**WHAT YOU ARE ASKED TO DO**
Repeat all the data that appears below, keeping it exact.

**MATERIAL SHOWN**

(* Let $\mathcal{A}\subset\mathbb{R}^n$ be a nonempty compact set, $\Xi\subseteq\mathbb{R}^n$, $V:\mathbb{R}^n\to\mathbb{R}_+$ and $\Psi:\mathbb{R}^n\rightrightarrows\mathbb{R}^n$, and assume one of the following two settings holds: (i) $\Xi$ is nonempty, closed and convex, $\mathcal{A}$ is convex, and $V(y)=\tfrac12\|y-\mathbf{P}_{\mathcal{A}}(y)\|^2$; (ii) $\Xi=\mathbb{R}^n$ and $V$ is continuously differentiable with locally Lipschitz gradient, positive definite and radially unbounded with respect to $\mathcal{A}$. Assume $\Psi$ is SPSP with respect to $V$ on $\Xi$, and that for every $\sigma>0$ there exists $B>0$ such that $\|s\|\le B$ for all $y\in\Xi\cap\bar B_\sigma(\mathcal{A})$ and all $s\in\Psi(y)$. Then $\mathcal{A}$ is SPAS for the iterative method $y^+=\mathbf{P}_\Xi[y-\alpha s]$, $s\in\Psi(y)$, with parameter $\alpha>0$.
   Context: $\|\cdot\|$ is Euclidean; $\mathbf{P}_S$ is the orthogonal projection onto a nonempty closed convex set $S$. For compact $S$ and $r>0$: $\bar B_r(S)=\{x:\|x-\mathbf{P}_S(x)\|\le r\}$, $B_r(S)=\{x:\|x-\mathbf{P}_S(x)\|<r\}$ (distance to $S$). A function $V$ is positive definite w.r.t. a closed set $S$ if $V=0$ on $S$ and $V>0$ off $S$; it is radially unbounded w.r.t. $S$ (on a set $\Xi$) if for every $B\in\mathbb{R}$ there is $r>0$ with $V(x)>B$ for all $x$ (in $\Xi$) outside $\bar B_r(S)$. SPSP: Let $V:\mathbb{R}^n\to\mathbb{R}_+$ be differentiable, positive definite and radially unbounded w.r.t. compact $\mathcal{A}$, and let $\Xi$ strictly contain $\mathcal{A}$ (every point of $\mathcal{A}$ has an open ball around it contained in $\Xi$). $\Psi$ is semiglobally, practically, strictly pseudogradient (SPSP) w.r.t. $V$ on $\Xi$ if there exist $\epsilon\ge0$, $b\ge0$ such that $\nabla V(y)^Ts\ge -b$ for all $y\in\Xi\cap\bar B_\epsilon(\mathcal{A})$, $s\in\Psi(y)$, and for every $\sigma>\epsilon$ there is a continuous $\phi_{\sigma,\epsilon}:\mathbb{R}^n\to\mathbb{R}$, positive on $\Xi\cap(\bar B_\sigma(\mathcal{A})\setminus B_\epsilon(\mathcal{A}))$ and radially unbounded w.r.t. $\mathcal{A}$ on $\Xi$, with $\nabla V(y)^Ts\ge\phi_{\sigma,\epsilon}(y)$ for all $y\in\Xi\cap(\bar B_\sigma(\mathcal{A})\setminus B_\epsilon(\mathcal{A}))$, $s\in\Psi(y)$. SPAS (for the iteration with parameter $\alpha$; statements below concern every sequence $(y(t))_{t\in\mathbb{N}}$ with $y(0)\in\Xi$, $y(t+1)=\mathbf{P}_\Xi[y(t)-\alpha s(t)]$, $s(t)\in\Psi(y(t))$): $\mathcal{A}$ is practically stable if for some $\check\rho_s>0$ and every $\rho_s>\check\rho_s$ there exist $\delta>0$ and a nonempty set $P_s\subset(0,\infty)$ such that whenever $\alpha\in P_s$ and $y(0)\in\bar B_\delta(\mathcal{A})\cap\Xi$, $y(t)\in\bar B_{\rho_s}(\mathcal{A})\cap\Xi$ for all $t$. A compact $S$ is uniformly attractive on compact $\Omega$ if for every $\varepsilon>0$ with $\bar B_\varepsilon(S)\cap\Xi\subset\Omega\cap\Xi$ there is $T\in\mathbb{N}$ such that $y(t)\in\bar B_\varepsilon(S)$ whenever $y(0)\in\Omega$ and $t\ge T$. $\mathcal{A}$ is semiglobally practically attractive if for some $\check\rho_a>0$ and all $\sigma>\rho_a>\check\rho_a$ there is a nonempty $P_a\subset(0,\infty)$ such that whenever $\alpha\in P_a$, $\bar B_{\rho_a}(\mathcal{A})$ is uniformly attractive on $\bar B_\sigma(\mathcal{A})$. $\mathcal{A}$ is SPAS (semiglobally practically asymptotically stable) if it is practically stable and semiglobally practically attractive. *)

theory Defs
  imports "HOL-Analysis.Analysis"
begin

definition cballS :: "real \<Rightarrow> 'a::euclidean_space set \<Rightarrow> 'a set" where
  "cballS r S = {x. infdist x S \<le> r}"

definition ballS :: "real \<Rightarrow> 'a::euclidean_space set \<Rightarrow> 'a set" where
  "ballS r S = {x. infdist x S < r}"

definition pos_def_wrt :: "('a::euclidean_space \<Rightarrow> real) \<Rightarrow> 'a set \<Rightarrow> bool" where
  "pos_def_wrt V S \<longleftrightarrow> (\<forall>x\<in>S. V x = 0) \<and> (\<forall>x. x \<notin> S \<longrightarrow> V x > 0)"

definition rad_unb_on :: "('a::euclidean_space \<Rightarrow> real) \<Rightarrow> 'a set \<Rightarrow> 'a set \<Rightarrow> bool" where
  "rad_unb_on V S Xi \<longleftrightarrow> (\<forall>B. \<exists>r>0. \<forall>x\<in>Xi. x \<notin> cballS r S \<longrightarrow> V x > B)"

definition strictly_contains :: "'a::euclidean_space set \<Rightarrow> 'a set \<Rightarrow> bool" where
  "strictly_contains Xi A \<longleftrightarrow> (\<forall>a\<in>A. \<exists>e>0. ball a e \<subseteq> Xi)"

**EXERCISE OUTPUT**
(* Let $\mathcal{A}\subset\mathbb{R}^n$ be a nonempty compact set, $\Xi\subseteq\mathbb{R}^n$, $V:\mathbb{R}^n\to\mathbb{R}_+$ and $\Psi:\mathbb{R}^n\rightrightarrows\mathbb{R}^n$, and assume one of the following two settings holds: (i) $\Xi$ is nonempty, closed and convex, $\mathcal{A}$ is convex, and $V(y)=\tfrac12\|y-\mathbf{P}_{\mathcal{A}}(y)\|^2$; (ii) $\Xi=\mathbb{R}^n$ and $V$ is continuously differentiable with locally Lipschitz gradient, positive definite and radially unbounded with respect to $\mathcal{A}$. Assume $\Psi$ is SPSP with respect to $V$ on $\Xi$, and that for every $\sigma>0$ there exists $B>0$ such that $\|s\|\le B$ for all $y\in\Xi\cap\bar B_\sigma(\mathcal{A})$ and all $s\in\Psi(y)$. Then $\mathcal{A}$ is SPAS for the iterative method $y^+=\mathbf{P}_\Xi[y-\alpha s]$, $s\in\Psi(y)$, with parameter $\alpha>0$.
   Context: $\|\cdot\|$ is Euclidean; $\mathbf{P}_S$ is the orthogonal projection onto a nonempty closed convex set $S$. For compact $S$ and $r>0$: $\bar B_r(S)=\{x:\|x-\mathbf{P}_S(x)\|\le r\}$, $B_r(S)=\{x:\|x-\mathbf{P}_S(x)\|<r\}$ (distance to $S$). A function $V$ is positive definite w.r.t. a closed set $S$ if $V=0$ on $S$ and $V>0$ off $S$; it is radially unbounded w.r.t. $S$ (on a set $\Xi$) if for every $B\in\mathbb{R}$ there is $r>0$ with $V(x)>B$ for all $x$ (in $\Xi$) outside $\bar B_r(S)$. SPSP: Let $V:\mathbb{R}^n\to\mathbb{R}_+$ be differentiable, positive definite and radially unbounded w.r.t. compact $\mathcal{A}$, and let $\Xi$ strictly contain $\mathcal{A}$ (every point of $\mathcal{A}$ has an open ball around it contained in $\Xi$). $\Psi$ is semiglobally, practically, strictly pseudogradient (SPSP) w.r.t. $V$ on $\Xi$ if there exist $\epsilon\ge0$, $b\ge0$ such that $\nabla V(y)^Ts\ge -b$ for all $y\in\Xi\cap\bar B_\epsilon(\mathcal{A})$, $s\in\Psi(y)$, and for every $\sigma>\epsilon$ there is a continuous $\phi_{\sigma,\epsilon}:\mathbb{R}^n\to\mathbb{R}$, positive on $\Xi\cap(\bar B_\sigma(\mathcal{A})\setminus B_\epsilon(\mathcal{A}))$ and radially unbounded w.r.t. $\mathcal{A}$ on $\Xi$, with $\nabla V(y)^Ts\ge\phi_{\sigma,\epsilon}(y)$ for all $y\in\Xi\cap(\bar B_\sigma(\mathcal{A})\setminus B_\epsilon(\mathcal{A}))$, $s\in\Psi(y)$. SPAS (for the iteration with parameter $\alpha$; statements below concern every sequence $(y(t))_{t\in\mathbb{N}}$ with $y(0)\in\Xi$, $y(t+1)=\mathbf{P}_\Xi[y(t)-\alpha s(t)]$, $s(t)\in\Psi(y(t))$): $\mathcal{A}$ is practically stable if for some $\check\rho_s>0$ and every $\rho_s>\check\rho_s$ there exist $\delta>0$ and a nonempty set $P_s\subset(0,\infty)$ such that whenever $\alpha\in P_s$ and $y(0)\in\bar B_\delta(\mathcal{A})\cap\Xi$, $y(t)\in\bar B_{\rho_s}(\mathcal{A})\cap\Xi$ for all $t$. A compact $S$ is uniformly attractive on compact $\Omega$ if for every $\varepsilon>0$ with $\bar B_\varepsilon(S)\cap\Xi\subset\Omega\cap\Xi$ there is $T\in\mathbb{N}$ such that $y(t)\in\bar B_\varepsilon(S)$ whenever $y(0)\in\Omega$ and $t\ge T$. $\mathcal{A}$ is semiglobally practically attractive if for some $\check\rho_a>0$ and all $\sigma>\rho_a>\check\rho_a$ there is a nonempty $P_a\subset(0,\infty)$ such that whenever $\alpha\in P_a$, $\bar B_{\rho_a}(\mathcal{A})$ is uniformly attractive on $\bar B_\sigma(\mathcal{A})$. $\mathcal{A}$ is SPAS (semiglobally practically asymptotically stable) if it is practically stable and semiglobally practically attractive. *)

theory Defs
  imports "HOL-Analysis.Analysis"
begin

definition cballS :: "real \<Rightarrow> 'a::euclidean_space set \<Rightarrow> 'a set" where
  "cballS r S = {x. infdist x S \<le> r}"

definition ballS :: "real \<Rightarrow> 'a::euclidean_space set \<Rightarrow> 'a set" where
  "ballS r S = {x. infdist x S < r}"

definition pos_def_wrt :: "('a::euclidean_space \<Rightarrow> real) \<Rightarrow> 'a set \<Rightarrow> bool" where
  "pos_def_wrt V S \<longleftrightarrow> (\<forall>x\<in>S. V x = 0) \<and> (\<forall>x. x \<notin> S \<longrightarrow> V x > 0)"

definition rad_unb_on :: "('a::euclidean_space \<Rightarrow> real) \<Rightarrow> 'a set \<Rightarrow> 'a set \<Rightarrow> bool" where
  "rad_unb_on V S Xi \<longleftrightarrow> (\<forall>B. \<exists>r>0. \<forall>x\<in>Xi. x \<notin> cballS r S \<longrightarrow> V x > B)"

definition strictly_contains :: "'a::euclidean_space set \<Rightarrow> 'a set \<Rightarrow> bool" where
  "strictly_contains Xi A \<longleftrightarrow> (\<forall>a\<in>A. \<exists>e>0. ball a e \<subseteq> Xi)"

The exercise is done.